**Activity**
For each line in the data below that holds "True", return a copy.

**Information given**
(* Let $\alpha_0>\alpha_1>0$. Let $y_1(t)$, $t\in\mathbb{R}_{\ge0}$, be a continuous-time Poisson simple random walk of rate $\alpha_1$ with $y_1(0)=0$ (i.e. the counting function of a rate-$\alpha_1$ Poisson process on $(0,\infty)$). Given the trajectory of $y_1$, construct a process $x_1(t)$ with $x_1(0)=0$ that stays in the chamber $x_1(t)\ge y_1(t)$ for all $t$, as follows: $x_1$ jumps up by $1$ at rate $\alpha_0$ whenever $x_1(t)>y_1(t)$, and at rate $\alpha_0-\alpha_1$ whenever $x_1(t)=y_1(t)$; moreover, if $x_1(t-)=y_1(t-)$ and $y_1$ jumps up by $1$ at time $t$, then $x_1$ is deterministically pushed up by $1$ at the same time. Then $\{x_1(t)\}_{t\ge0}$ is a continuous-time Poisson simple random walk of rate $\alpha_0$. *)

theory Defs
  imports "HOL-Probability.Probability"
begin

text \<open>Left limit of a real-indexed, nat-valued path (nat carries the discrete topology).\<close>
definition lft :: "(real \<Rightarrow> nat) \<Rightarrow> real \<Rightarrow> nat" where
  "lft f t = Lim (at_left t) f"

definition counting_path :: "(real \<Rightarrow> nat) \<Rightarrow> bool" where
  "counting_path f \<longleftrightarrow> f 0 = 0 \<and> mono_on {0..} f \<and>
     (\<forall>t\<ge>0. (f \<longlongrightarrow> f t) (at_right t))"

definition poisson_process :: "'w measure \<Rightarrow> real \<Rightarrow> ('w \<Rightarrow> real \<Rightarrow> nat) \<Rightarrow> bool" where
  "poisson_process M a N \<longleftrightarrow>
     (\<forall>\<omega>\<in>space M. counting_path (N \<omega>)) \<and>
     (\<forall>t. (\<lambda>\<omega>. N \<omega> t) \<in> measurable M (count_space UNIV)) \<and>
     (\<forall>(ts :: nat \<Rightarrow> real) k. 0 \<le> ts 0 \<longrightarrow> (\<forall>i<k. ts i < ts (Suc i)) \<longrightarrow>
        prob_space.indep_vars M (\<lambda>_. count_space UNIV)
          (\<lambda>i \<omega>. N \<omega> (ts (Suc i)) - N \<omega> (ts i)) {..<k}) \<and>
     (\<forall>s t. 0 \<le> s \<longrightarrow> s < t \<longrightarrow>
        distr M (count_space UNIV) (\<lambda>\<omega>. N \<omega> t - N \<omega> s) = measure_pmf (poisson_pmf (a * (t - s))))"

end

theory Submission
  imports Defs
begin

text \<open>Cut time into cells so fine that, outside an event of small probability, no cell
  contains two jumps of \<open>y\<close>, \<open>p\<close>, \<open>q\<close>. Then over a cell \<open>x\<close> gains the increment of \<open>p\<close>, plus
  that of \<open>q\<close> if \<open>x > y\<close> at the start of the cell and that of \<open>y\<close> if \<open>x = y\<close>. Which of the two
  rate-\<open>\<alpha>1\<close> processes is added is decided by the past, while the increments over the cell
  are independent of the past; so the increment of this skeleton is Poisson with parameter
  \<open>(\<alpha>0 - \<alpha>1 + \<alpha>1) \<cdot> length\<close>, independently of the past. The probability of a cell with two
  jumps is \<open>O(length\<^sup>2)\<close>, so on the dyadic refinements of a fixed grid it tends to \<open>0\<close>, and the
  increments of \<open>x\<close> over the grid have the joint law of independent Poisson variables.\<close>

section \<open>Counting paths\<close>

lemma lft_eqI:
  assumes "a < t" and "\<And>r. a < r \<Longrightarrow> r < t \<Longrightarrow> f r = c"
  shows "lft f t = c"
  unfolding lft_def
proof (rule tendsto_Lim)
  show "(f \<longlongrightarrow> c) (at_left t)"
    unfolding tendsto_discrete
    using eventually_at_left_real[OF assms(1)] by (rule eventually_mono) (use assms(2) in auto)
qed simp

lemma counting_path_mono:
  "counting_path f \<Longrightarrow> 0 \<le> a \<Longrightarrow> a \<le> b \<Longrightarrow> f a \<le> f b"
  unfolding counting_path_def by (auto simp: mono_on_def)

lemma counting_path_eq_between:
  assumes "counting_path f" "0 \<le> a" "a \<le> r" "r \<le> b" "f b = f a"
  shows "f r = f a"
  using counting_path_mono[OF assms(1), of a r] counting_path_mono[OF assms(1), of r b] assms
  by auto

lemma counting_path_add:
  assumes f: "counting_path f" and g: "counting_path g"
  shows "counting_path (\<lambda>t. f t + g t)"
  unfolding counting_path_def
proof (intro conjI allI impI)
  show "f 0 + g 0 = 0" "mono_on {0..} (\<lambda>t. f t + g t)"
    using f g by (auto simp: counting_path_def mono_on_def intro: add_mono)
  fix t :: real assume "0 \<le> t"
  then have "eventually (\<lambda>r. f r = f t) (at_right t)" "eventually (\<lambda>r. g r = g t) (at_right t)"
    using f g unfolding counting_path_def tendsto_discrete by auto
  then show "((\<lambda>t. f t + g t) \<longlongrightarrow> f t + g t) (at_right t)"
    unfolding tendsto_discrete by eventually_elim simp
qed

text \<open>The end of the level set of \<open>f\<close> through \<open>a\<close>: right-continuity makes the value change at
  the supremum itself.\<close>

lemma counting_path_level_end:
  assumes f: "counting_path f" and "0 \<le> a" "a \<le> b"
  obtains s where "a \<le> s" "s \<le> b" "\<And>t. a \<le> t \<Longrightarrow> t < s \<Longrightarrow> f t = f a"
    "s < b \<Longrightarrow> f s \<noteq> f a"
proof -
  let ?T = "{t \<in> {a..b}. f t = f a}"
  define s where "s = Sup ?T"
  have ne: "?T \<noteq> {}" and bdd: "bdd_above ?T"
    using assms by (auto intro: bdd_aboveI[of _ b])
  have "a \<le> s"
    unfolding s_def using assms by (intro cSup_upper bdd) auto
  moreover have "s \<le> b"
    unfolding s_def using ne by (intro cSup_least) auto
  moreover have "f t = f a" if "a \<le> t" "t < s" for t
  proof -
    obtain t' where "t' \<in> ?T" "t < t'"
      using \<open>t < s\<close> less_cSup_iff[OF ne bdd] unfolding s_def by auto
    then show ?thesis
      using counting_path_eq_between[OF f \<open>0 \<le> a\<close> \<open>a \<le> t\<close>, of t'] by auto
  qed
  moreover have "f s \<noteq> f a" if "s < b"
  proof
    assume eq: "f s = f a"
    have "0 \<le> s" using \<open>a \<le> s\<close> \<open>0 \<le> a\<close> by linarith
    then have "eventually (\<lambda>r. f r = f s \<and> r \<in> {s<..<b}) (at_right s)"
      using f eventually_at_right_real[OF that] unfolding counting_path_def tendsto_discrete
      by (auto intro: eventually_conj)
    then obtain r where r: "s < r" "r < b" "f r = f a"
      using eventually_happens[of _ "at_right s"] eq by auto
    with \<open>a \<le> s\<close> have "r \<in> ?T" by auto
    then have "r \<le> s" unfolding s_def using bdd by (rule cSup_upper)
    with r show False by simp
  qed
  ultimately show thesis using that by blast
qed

...

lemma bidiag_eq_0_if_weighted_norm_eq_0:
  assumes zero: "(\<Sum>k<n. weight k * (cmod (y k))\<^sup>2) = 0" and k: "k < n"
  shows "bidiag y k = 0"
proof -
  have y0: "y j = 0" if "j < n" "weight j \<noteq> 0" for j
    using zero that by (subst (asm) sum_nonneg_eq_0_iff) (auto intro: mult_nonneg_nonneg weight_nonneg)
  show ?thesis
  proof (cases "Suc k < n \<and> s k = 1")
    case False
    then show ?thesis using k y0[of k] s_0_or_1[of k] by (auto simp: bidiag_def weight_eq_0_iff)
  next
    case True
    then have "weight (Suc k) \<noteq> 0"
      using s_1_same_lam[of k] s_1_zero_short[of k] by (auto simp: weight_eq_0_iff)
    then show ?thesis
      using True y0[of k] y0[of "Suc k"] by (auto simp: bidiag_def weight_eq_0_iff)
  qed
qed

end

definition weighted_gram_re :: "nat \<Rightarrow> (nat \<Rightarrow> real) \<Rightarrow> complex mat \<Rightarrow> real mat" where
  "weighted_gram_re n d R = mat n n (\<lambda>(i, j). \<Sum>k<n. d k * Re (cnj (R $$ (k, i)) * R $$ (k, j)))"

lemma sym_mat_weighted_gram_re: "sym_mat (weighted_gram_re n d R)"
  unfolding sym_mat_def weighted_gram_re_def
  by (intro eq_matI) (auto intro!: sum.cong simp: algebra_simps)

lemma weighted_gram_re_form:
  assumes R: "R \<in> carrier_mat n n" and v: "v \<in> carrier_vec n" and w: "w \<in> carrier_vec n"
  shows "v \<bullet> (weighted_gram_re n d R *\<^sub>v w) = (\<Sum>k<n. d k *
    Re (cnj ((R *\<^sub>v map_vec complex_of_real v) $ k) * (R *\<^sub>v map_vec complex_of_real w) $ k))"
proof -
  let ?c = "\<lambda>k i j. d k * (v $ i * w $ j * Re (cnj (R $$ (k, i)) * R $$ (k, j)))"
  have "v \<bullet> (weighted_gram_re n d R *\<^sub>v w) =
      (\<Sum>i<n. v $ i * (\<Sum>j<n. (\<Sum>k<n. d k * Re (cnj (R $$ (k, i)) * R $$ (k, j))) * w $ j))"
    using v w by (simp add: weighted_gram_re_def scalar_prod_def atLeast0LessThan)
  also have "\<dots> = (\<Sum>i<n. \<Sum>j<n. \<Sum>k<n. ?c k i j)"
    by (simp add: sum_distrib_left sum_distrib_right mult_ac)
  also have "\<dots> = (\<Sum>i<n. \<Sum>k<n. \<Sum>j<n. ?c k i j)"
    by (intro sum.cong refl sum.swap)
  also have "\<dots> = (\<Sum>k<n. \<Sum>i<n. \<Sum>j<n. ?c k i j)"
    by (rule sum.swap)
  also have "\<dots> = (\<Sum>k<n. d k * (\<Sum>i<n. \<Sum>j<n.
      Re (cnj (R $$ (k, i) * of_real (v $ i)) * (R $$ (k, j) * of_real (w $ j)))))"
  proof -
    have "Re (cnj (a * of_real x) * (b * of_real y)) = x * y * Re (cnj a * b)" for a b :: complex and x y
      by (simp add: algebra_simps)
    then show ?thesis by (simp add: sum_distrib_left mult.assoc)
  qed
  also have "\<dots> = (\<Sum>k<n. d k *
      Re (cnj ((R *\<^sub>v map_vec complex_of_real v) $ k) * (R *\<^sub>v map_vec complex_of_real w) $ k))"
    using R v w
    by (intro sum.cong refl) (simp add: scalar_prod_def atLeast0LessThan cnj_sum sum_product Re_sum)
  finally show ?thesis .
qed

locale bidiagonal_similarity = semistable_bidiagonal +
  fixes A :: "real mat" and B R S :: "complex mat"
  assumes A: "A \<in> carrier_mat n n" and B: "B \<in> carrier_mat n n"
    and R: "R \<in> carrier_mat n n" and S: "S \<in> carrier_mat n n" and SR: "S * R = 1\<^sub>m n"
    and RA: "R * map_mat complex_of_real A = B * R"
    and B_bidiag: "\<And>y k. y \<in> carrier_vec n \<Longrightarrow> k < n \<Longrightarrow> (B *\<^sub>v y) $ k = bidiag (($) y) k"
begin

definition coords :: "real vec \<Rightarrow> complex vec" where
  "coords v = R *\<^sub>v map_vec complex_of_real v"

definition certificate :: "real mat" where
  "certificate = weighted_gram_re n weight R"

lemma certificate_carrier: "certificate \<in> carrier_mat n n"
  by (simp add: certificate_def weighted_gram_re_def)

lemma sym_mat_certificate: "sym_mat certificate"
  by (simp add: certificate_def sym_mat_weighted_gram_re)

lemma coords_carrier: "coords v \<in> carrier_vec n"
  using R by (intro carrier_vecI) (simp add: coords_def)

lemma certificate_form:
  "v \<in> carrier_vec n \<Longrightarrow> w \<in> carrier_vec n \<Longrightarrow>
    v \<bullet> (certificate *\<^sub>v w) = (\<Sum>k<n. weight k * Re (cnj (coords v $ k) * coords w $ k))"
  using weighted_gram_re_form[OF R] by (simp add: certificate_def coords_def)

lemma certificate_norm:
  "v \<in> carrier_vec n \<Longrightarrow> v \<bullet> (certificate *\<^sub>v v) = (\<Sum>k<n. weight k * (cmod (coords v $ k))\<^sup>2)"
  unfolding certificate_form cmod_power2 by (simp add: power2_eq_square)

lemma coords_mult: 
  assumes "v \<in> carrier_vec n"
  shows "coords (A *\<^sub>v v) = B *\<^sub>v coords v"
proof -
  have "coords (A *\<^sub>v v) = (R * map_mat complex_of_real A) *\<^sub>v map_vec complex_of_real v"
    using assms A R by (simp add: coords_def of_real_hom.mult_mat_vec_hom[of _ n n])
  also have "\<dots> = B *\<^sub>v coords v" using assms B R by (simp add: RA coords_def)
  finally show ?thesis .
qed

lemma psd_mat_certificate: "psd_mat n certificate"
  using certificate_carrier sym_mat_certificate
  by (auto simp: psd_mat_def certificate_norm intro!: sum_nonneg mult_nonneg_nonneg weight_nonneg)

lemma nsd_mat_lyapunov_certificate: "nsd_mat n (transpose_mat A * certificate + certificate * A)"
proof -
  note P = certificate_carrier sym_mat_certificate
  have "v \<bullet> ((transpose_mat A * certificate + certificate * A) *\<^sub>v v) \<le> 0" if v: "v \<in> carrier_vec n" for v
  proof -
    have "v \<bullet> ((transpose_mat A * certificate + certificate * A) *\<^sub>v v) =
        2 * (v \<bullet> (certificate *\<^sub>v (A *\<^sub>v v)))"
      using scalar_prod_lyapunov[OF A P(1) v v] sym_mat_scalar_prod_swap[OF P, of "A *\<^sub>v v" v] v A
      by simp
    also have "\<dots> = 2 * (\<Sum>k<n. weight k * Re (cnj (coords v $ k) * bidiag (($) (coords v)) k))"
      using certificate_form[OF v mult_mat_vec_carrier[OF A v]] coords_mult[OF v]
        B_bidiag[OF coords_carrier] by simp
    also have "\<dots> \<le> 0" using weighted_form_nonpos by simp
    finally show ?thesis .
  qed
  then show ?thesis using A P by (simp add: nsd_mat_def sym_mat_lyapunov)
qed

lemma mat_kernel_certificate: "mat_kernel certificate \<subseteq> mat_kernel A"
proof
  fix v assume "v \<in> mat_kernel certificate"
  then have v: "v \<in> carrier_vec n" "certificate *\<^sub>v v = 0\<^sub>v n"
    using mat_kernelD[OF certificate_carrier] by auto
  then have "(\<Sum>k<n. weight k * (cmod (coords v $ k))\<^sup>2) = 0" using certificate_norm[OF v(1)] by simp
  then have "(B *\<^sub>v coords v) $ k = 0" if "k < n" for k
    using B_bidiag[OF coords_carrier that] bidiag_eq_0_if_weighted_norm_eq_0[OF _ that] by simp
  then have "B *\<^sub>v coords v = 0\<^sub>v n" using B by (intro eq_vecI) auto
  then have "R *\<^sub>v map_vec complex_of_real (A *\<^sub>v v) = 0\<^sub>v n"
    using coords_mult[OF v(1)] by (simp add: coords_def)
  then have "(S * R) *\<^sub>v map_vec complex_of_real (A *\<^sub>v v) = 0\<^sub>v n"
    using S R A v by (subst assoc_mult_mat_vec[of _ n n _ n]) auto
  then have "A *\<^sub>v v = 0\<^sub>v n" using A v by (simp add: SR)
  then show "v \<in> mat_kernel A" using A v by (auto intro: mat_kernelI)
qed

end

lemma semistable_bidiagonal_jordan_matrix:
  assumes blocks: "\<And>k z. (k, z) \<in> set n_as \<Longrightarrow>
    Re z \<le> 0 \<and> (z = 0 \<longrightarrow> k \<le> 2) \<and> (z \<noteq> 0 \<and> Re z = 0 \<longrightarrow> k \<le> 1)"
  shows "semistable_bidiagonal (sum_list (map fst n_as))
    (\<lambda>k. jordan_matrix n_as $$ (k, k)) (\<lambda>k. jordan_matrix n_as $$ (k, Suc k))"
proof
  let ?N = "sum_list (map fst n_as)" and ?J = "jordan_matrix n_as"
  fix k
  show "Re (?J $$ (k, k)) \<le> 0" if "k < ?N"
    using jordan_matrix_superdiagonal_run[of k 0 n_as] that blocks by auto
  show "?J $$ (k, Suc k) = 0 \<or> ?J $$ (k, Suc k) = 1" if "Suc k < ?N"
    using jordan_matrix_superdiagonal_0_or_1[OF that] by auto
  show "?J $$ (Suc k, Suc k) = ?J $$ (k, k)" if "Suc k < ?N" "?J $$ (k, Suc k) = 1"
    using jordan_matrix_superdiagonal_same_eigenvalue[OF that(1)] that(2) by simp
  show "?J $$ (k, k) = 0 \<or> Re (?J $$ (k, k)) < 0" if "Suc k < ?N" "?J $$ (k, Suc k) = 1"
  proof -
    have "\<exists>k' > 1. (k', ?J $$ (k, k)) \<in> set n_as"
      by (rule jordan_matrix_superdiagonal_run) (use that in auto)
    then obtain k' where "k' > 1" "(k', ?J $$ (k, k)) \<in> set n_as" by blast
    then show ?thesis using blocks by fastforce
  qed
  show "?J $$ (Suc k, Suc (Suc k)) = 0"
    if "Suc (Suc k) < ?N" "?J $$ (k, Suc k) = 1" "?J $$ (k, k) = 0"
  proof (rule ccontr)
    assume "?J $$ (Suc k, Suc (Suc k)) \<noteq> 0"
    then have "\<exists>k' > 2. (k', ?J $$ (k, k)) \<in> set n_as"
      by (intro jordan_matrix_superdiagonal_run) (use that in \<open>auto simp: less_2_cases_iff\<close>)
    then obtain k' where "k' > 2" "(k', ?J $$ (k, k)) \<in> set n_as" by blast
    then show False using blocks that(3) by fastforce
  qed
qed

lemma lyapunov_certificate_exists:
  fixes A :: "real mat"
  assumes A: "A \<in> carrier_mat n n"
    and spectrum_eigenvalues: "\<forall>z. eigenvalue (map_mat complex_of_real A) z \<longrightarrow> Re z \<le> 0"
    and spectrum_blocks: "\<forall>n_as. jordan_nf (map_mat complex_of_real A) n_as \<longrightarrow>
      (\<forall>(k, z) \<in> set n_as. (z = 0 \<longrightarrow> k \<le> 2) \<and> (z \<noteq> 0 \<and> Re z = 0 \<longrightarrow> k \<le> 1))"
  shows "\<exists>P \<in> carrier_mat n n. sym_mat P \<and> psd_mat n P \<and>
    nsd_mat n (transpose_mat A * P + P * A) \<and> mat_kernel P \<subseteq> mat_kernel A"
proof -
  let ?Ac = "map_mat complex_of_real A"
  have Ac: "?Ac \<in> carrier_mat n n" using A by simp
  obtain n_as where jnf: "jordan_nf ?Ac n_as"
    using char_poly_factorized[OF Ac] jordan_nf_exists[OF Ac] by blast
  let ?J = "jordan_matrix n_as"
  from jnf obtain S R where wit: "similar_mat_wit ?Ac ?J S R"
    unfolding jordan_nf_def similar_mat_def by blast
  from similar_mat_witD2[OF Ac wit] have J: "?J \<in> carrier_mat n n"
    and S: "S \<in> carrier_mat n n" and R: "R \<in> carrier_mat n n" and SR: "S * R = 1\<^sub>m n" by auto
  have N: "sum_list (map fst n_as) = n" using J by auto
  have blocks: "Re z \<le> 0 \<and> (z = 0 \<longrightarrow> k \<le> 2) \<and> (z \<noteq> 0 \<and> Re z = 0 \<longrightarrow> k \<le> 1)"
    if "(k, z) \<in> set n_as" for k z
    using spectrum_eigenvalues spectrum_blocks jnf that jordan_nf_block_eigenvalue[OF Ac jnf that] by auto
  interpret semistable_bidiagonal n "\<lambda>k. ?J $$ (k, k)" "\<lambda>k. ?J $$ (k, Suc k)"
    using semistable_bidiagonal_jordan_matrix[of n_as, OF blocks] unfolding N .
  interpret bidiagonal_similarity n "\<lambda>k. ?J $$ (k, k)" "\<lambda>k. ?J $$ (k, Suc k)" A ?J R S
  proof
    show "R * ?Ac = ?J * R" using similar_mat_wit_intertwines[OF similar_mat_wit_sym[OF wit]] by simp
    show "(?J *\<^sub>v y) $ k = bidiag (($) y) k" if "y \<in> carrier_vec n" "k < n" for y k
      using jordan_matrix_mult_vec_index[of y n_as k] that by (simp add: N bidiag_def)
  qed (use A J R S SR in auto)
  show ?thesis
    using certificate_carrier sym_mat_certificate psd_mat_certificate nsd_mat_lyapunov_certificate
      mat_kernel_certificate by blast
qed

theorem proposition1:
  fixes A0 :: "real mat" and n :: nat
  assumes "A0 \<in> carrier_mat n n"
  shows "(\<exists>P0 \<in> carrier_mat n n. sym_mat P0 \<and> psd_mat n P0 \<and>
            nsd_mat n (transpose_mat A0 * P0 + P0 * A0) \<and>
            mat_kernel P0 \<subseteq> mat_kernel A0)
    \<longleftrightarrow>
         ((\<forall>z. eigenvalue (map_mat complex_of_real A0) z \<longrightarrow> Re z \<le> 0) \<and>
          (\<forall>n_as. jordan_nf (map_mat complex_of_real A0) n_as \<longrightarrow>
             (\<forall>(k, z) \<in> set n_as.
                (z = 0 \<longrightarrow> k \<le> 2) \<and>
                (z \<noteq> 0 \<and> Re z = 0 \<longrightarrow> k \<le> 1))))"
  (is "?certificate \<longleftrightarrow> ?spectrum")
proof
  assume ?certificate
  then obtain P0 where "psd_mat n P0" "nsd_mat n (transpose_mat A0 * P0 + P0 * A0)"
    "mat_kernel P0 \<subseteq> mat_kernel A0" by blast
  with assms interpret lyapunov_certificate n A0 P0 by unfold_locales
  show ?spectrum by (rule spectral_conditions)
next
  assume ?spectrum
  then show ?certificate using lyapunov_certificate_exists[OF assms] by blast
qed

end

**Answer**
    case True
      using True y0[of k] y0[of "Suc k"] by (auto simp: bidiag_def weight_eq_0_iff)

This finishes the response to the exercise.